MATERIAL SUPPLIED -
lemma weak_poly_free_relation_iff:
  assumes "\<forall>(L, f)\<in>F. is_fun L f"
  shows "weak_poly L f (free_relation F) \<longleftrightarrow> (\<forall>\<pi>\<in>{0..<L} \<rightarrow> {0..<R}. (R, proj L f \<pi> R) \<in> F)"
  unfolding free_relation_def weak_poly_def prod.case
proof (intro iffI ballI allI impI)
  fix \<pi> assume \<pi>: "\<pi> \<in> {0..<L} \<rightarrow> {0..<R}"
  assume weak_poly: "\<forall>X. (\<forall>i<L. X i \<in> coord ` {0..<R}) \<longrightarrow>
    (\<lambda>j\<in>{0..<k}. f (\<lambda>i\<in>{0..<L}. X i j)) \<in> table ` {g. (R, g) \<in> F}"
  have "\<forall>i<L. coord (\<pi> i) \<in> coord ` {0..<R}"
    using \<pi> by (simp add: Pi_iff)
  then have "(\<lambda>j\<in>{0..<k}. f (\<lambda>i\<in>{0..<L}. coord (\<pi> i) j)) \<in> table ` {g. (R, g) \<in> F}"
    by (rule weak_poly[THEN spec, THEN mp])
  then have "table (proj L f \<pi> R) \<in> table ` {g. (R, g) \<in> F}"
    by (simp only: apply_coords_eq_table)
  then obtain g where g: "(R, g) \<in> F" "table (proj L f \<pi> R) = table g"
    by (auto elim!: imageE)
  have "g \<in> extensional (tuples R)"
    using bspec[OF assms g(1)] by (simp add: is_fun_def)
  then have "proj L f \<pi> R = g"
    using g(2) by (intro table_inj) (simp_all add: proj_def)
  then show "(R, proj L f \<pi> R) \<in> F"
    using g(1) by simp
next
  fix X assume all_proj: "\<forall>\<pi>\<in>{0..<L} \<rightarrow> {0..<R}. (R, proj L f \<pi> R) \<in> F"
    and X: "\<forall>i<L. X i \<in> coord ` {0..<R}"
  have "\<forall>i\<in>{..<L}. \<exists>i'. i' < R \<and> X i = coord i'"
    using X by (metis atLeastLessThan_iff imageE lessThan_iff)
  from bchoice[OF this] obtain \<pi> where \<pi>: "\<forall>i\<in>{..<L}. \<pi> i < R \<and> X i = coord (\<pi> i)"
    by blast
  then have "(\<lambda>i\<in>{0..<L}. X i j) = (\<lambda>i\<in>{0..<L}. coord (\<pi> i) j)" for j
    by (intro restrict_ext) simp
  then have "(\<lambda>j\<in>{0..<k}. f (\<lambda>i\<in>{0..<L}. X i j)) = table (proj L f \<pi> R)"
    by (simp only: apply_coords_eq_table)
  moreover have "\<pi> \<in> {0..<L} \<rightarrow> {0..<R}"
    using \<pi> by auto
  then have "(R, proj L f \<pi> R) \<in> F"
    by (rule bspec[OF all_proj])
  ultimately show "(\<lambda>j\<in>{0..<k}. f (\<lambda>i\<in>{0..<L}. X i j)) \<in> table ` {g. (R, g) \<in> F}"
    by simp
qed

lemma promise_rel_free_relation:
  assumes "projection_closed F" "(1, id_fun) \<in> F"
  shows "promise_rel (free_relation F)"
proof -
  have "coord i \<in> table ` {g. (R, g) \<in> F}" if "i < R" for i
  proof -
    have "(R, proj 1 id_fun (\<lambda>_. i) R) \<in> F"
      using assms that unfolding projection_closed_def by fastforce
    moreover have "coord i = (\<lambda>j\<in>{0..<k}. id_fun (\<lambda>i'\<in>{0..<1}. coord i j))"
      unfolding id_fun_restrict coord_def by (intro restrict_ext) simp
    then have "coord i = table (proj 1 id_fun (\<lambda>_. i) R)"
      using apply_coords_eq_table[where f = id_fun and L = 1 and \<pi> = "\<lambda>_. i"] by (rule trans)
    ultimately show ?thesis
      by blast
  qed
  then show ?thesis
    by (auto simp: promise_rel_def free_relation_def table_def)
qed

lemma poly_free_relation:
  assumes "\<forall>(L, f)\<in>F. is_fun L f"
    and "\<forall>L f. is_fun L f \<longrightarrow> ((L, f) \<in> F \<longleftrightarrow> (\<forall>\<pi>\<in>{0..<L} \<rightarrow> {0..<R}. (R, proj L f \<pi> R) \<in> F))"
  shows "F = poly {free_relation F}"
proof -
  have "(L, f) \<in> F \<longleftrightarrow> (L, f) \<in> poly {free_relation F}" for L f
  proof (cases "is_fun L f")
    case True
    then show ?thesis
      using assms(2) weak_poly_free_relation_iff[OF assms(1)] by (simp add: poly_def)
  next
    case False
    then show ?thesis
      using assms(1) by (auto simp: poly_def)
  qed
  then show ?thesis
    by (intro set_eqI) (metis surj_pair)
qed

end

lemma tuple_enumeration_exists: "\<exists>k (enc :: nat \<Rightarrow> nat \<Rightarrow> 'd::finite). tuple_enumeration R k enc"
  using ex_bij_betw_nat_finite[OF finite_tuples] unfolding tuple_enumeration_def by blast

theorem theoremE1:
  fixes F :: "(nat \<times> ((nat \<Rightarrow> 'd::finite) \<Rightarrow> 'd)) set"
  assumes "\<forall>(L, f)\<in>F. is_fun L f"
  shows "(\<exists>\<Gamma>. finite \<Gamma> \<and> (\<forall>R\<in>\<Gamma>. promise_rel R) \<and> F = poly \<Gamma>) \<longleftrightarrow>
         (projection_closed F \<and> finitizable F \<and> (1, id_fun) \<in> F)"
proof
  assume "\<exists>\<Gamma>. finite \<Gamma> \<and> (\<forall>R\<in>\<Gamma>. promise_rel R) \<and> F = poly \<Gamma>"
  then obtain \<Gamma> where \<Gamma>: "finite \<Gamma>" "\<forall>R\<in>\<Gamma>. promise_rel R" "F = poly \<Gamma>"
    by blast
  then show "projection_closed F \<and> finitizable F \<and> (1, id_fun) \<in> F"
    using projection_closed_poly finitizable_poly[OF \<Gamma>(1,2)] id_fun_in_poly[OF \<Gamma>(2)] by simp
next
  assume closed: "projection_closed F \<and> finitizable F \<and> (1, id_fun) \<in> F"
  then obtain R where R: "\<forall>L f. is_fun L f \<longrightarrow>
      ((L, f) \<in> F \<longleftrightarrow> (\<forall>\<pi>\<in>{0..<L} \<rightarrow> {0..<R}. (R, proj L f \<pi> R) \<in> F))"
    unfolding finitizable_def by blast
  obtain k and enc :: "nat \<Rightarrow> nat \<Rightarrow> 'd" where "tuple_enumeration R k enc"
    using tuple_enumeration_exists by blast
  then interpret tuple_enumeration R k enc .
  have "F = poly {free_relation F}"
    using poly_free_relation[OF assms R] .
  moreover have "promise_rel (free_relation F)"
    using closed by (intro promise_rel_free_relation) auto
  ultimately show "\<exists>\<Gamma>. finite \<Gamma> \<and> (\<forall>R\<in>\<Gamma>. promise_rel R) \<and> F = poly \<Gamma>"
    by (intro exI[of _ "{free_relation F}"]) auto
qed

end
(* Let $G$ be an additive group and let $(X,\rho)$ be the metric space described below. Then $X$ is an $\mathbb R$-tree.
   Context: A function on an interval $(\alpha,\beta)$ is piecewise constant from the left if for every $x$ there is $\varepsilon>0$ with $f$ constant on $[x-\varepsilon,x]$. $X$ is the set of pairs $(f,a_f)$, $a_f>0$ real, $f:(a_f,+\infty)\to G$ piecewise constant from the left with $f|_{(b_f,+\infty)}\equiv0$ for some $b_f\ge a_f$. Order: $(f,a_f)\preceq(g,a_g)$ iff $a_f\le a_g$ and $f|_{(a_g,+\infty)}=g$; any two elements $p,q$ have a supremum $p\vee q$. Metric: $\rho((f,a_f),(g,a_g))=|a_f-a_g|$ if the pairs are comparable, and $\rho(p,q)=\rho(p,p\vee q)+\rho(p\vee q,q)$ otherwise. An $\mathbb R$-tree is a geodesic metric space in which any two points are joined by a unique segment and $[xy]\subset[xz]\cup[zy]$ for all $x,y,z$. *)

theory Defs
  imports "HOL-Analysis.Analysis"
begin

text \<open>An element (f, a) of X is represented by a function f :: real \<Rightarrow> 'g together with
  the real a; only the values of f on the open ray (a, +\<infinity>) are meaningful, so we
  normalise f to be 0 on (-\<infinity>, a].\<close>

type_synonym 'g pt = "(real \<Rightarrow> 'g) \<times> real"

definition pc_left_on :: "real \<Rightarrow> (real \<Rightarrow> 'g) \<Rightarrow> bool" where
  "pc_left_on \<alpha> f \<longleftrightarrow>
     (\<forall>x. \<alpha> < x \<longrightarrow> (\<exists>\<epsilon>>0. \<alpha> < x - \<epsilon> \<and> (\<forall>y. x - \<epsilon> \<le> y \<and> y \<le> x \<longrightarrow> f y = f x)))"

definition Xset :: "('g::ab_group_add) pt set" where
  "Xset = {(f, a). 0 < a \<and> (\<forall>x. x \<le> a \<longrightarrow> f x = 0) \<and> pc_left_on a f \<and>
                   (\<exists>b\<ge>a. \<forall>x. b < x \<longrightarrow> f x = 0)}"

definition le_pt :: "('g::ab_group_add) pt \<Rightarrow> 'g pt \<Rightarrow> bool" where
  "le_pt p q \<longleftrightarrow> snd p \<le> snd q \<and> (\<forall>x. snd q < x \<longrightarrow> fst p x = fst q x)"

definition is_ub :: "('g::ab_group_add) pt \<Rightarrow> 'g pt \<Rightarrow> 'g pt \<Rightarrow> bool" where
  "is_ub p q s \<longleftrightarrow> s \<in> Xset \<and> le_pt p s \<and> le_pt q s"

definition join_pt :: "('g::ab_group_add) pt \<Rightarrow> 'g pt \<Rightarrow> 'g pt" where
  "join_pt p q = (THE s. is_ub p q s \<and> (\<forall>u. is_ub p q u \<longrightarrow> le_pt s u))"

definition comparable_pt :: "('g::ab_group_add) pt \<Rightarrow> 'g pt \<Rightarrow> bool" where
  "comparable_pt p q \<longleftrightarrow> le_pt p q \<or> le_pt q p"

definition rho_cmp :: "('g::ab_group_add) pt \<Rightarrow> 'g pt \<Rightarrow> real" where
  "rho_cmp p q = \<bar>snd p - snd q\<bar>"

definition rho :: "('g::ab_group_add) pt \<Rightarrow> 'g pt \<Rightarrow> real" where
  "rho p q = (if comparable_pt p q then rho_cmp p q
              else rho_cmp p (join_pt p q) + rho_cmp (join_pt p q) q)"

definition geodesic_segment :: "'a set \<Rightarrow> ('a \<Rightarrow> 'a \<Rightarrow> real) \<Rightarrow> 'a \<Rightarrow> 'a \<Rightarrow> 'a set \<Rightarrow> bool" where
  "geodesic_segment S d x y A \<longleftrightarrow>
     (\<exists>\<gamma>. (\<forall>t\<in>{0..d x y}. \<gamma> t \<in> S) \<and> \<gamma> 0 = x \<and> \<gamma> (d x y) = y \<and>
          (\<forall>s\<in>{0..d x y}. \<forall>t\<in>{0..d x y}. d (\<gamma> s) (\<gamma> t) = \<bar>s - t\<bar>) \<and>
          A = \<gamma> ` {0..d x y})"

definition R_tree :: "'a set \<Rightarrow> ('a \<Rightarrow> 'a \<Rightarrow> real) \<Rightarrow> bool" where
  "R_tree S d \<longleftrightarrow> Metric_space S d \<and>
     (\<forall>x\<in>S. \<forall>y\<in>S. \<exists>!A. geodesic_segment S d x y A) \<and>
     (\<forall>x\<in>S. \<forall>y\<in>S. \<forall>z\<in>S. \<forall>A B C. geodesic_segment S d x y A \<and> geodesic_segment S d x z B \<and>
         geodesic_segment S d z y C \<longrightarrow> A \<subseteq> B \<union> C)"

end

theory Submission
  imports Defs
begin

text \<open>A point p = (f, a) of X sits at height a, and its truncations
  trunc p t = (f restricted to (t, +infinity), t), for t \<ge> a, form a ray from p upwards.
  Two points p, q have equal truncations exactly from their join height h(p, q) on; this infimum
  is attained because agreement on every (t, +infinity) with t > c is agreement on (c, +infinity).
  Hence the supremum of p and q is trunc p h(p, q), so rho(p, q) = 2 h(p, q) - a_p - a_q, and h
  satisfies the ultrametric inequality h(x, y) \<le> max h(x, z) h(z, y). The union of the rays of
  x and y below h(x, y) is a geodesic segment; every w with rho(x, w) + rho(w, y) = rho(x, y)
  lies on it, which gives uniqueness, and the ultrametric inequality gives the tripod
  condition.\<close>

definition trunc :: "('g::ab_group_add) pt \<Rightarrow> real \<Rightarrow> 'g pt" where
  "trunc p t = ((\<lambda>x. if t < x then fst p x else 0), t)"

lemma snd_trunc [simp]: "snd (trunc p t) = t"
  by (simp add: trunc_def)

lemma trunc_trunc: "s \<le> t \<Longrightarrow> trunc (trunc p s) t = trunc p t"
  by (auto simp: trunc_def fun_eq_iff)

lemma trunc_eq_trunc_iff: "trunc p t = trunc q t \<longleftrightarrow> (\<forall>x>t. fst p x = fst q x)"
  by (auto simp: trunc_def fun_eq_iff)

EXERCISE REQUIREMENTS -
Filter the records above for lines containing the word "intro", and copy those lines.

TASK RESULT -
proof (intro iffI ballI allI impI)
    using g(2) by (intro table_inj) (simp_all add: proj_def)
    by (intro restrict_ext) simp
      unfolding id_fun_restrict coord_def by (intro restrict_ext) simp
    by (intro set_eqI) (metis surj_pair)
    using closed by (intro promise_rel_free_relation) auto
    by (intro exI[of _ "{free_relation F}"]) auto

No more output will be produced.